Der Notarzt in Vreden ist zwar noch eingeplant, doch das kann sich schnell ändern

hzAntrag auf Kreisebene

Im Rettungsdienstbedarfsplan steht ganz deutlich drin, dass Vreden Notarztstandort ist. Wir haben uns erklären lassen, warum das den Abzug des Notarztes trotzdem wohl nicht verhindern wird.

Vreden

, 04.11.2019, 20:00 Uhr / Lesedauer: 2 min

Einfach so lässt sich der Notarzt nicht aus Vreden abziehen, meint die SPD auf Kreisebene. Sie bezieht sich auf den aktuell gültigen Bedarfsplan für den Rettungsdienst im Kreis Borken.
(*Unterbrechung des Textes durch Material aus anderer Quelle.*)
lemma indep_rows_uncorrelated:
  fixes eps :: "'a \<Rightarrow> real^'r^'n"
  assumes meas: "\<And>i c. (\<lambda>\<omega>. eps \<omega> $ i $ c) \<in> borel_measurable M"
    and indep: "indep_vars (\<lambda>_. borel) (\<lambda>i \<omega>. eps \<omega> $ i) UNIV"
    and sq_int: "\<And>i c. integrable M (\<lambda>\<omega>. (eps \<omega> $ i $ c)\<^sup>2)"
    and mean0: "\<And>i c. expectation (\<lambda>\<omega>. eps \<omega> $ i $ c) = 0"
    and "i \<noteq> i'"
  shows "expectation (\<lambda>\<omega>. eps \<omega> $ i $ k * eps \<omega> $ i' $ k') = 0"
proof -
  define proj where "proj j = (if j = i then (\<lambda>x::real^'r. x $ k) else (\<lambda>x. x $ k'))" for j
  have "proj j \<in> borel_measurable borel" for j
    unfolding proj_def by (auto intro: borel_measurable_continuous_onI continuous_on_component)
  then have "indep_vars (\<lambda>_. borel) (\<lambda>j \<omega>. proj j (eps \<omega> $ j)) {i, i'}"
    by (intro indep_vars_compose2[OF indep_vars_subset[OF indep]]) auto
  moreover have "integrable M (\<lambda>\<omega>. proj j (eps \<omega> $ j))" for j
    unfolding proj_def by (auto intro: square_integrable_imp_integrable[OF meas sq_int])
  ultimately have "expectation (\<lambda>\<omega>. \<Prod>j\<in>{i, i'}. proj j (eps \<omega> $ j))
      = (\<Prod>j\<in>{i, i'}. expectation (\<lambda>\<omega>. proj j (eps \<omega> $ j)))"
    by (intro indep_vars_lebesgue_integral) auto
  then show ?thesis
    using \<open>i \<noteq> i'\<close> mean0 by (simp add: proj_def)
qed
Darin heißt es über die Rettungswache in Vreden: „Die Notärztin/der Notarzt wird mit dem RTW am Krankenhaus abgeholt.“ Beim Punkt Notfallversorgung wird explizit der Notarzt am St.-Marien-Hospital aufgeführt. Außerdem ist Vreden auf der Karte mit einem blauen Punkt als Notarztstandort gekennzeichnet.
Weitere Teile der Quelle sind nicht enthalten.